Der junge Tänzer machte insbesondere mit der Partie des Basile in „Don Quixote” auf sich aufmerksam. Er kam nach Deutschland, tanzte zunächst in Nürnberg und München. In Hannover begegnete er Gundel Eplinius, der „Großen Alten Dame“ des Tanzes, die vor zwei Jahren im Alter von 85 Jahren verstarb. Sie war Professorin für Modernen Tanz in Hannover, hatte u.a. in Dresden bei Mary Wigman studiert und als deren Assistentin gewirkt. Bis 1945 gehörte sie dem Dresdner Ballettensemble an. Gundel Eplinius war es, die ihm schließlich die Bekanntschaft mit John Neumeier vermitteln sollte. Gamal Gouda entdeckt bei ihm seine Chancen; entdeckt die Moderne des Tanzes auf der Grundlage der klassischen Fundamente. Er taucht tief ein in die Prozesse der Hamburger Ballettschöpfungen, vervollkommnet die Fähigkeit, alles durch den Körper auszudrücken, die Musik und die Emotion zur Bewegung werden zu lassen. In diesem tollen Ensemble, so Gouda heute in der Rückschau, da ging es gar nicht anders, man musste einfach zu 200 Prozent Tänzer sein.

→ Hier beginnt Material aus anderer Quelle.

theorem proposition2:
  fixes pit :: "real \<Rightarrow> real \<Rightarrow> real \<Rightarrow> real"
    and thl thh ebar :: real
    and f :: "real \<Rightarrow> real"
  defines "prof \<equiv> (\<lambda>\<theta> e. pit \<theta> e e)"
    and "d0 \<equiv> (\<lambda>e::real. ebar)"
  assumes ebar_pos: "ebar > 0"
    and Theta: "thl < thh"
    and f_cont: "continuous_on {thl..thh} f"
    and f_nonneg: "\<forall>\<theta>\<in>{thl..thh}. f \<theta> \<ge> 0"
    and f_density: "(LINT \<theta>:{thl..thh}|lborel. f \<theta>) = 1"
    and incr: "\<forall>\<theta>\<in>{thl..thh}. \<forall>et\<in>{0..ebar}. \<forall>e1\<in>{0..ebar}. \<forall>e2\<in>{0..ebar}.
                 e1 < e2 \<longrightarrow> pit \<theta> e1 et < pit \<theta> e2 et"
    and decr: "\<forall>\<theta>\<in>{thl..thh}. \<forall>e\<in>{0..ebar}. \<forall>e1\<in>{0..ebar}. \<forall>e2\<in>{0..ebar}.
                 e1 < e2 \<longrightarrow> pit \<theta> e e2 < pit \<theta> e e1"
    and cont: "continuous_on ({thl..thh} \<times> {0..ebar} \<times> {0..ebar}) (\<lambda>(\<theta>, e, et). pit \<theta> e et)"
    and C2: "C2_on (interior ({thl..thh} \<times> {0..ebar} \<times> {0..ebar})) (\<lambda>(\<theta>, e, et). pit \<theta> e et)"
    and concave: "\<forall>\<theta>\<in>{thl..thh}. strictly_concave_on {0..ebar} (prof \<theta>)"
    and top: "\<forall>\<theta>\<in>{thl..thh}. prof \<theta> 0 < prof \<theta> ebar"
  shows "d0 \<in> policies ebar {thl..thh} prof \<and>
         (\<forall>d\<in>policies ebar {thl..thh} prof.
            exp_emission thl thh f ebar prof d0 \<ge> exp_emission thl thh f ebar prof d \<and>
            exp_profit thl thh f ebar prof d0 \<le> exp_profit thl thh f ebar prof d)"
proof -
  have ebar: "ebar \<ge> 0" using ebar_pos by simp
  have prof_cont: "continuous_on ({thl..thh} \<times> {0..ebar}) (\<lambda>(\<theta>, e). prof \<theta> e)"
    unfolding prof_def by (rule continuous_on_diagonal[OF cont])
  have "exp_emission thl thh f ebar prof d \<le> ebar"
    if "d \<in> policies ebar {thl..thh} prof" for d
    unfolding exp_emission_def
    using emission_d_belief_compatible[OF that] concave belief_compatible_subset
    by (intro expect_le_const[OF f_cont f_nonneg f_density] ebar) force
  moreover have "exp_emission thl thh f ebar prof d0 = ebar"
    by (simp add: exp_emission_def d0_def emission_d_const_top[OF ebar] expect_const[OF f_density])
  moreover have "exp_profit thl thh f ebar prof d0 \<le> exp_profit thl thh f ebar prof d" for d
    unfolding exp_profit_def using profit_d_ge_top[OF compact_Icc ebar prof_cont]
    by (intro expect_mono_continuous[OF f_cont f_nonneg]
        profit_d_continuous[OF compact_Icc ebar prof_cont])
       (simp add: d0_def profit_d_const_top[OF ebar])
  ultimately show ?thesis
    by (simp add: d0_def const_top_in_policies[OF ebar])
qed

Und jetzt ist er dabei, wieder in einem wunderbaren Ensemble, mit den jüngeren Kolleginnen und Kollegen immer wieder am Erreichen dieser magischen 200-Prozent-Marke zu arbeiten: Als Ballettmeister ist er verantwortlich für das tägliche Training, und da ist es unerlässlich, die Individualität eines jeden Tänzers, einer jeden Tänzerin im Auge zu haben. Techniken lassen sich beherrschen; wesentlich aber ist es für diese Kunst, dass Tänzer über die Individualität zur Authentizität in der jeweiligen Choreografie, in ihren Partien und Passagen gelangen. Der Ballettmeister leitet die Proben, er muss die Choreografien bestens kennen. Wenn der Choreograf abreist, übernimmt er die Verantwortung; er studiert neue Besetzungen ein und bringt die tänzerischen Charaktere in Einklang mit dem Anliegen der Werke und ihrer Schöpfer. Es gilt für die Übereinstimmungen mit den Originalchoreografien zu sorgen und dennoch die Originalität möglicher neuer Tänzer zu achten.

Gamal Gouda kann jetzt die Summe seiner reichen Erfahrungen einbringen. Seine Arbeit kann verhindern, dass Kopien entstehen und befördert werden. Er kann dafür Sorge tragen, dass dem Zuschauer an jedem Abend einer Ballettaufführung Originale geboten werden. Die Qualitäten des Ensembles hier lernte er kennen und schätzen, als er die Einstudierung von Solistenpartien für die überaus erfolgreiche Dresdner Erstaufführung des Ballettklassikers „La Bayadère” übernahm. Danach arbeitete er im Team der Ballettmeister an den Vorbereitungen der Wiederaufnahme von John Crankos Choreografie „Der Widerspenstigen Zähmung”. Und derzeit geht es mit aller Kraft auf die nächste Premiere zu: Das Glanzstück der romantischen Ballettliteratur, „Schwanensee”, kommt ab 21. November auf die Bühne der Semperoper.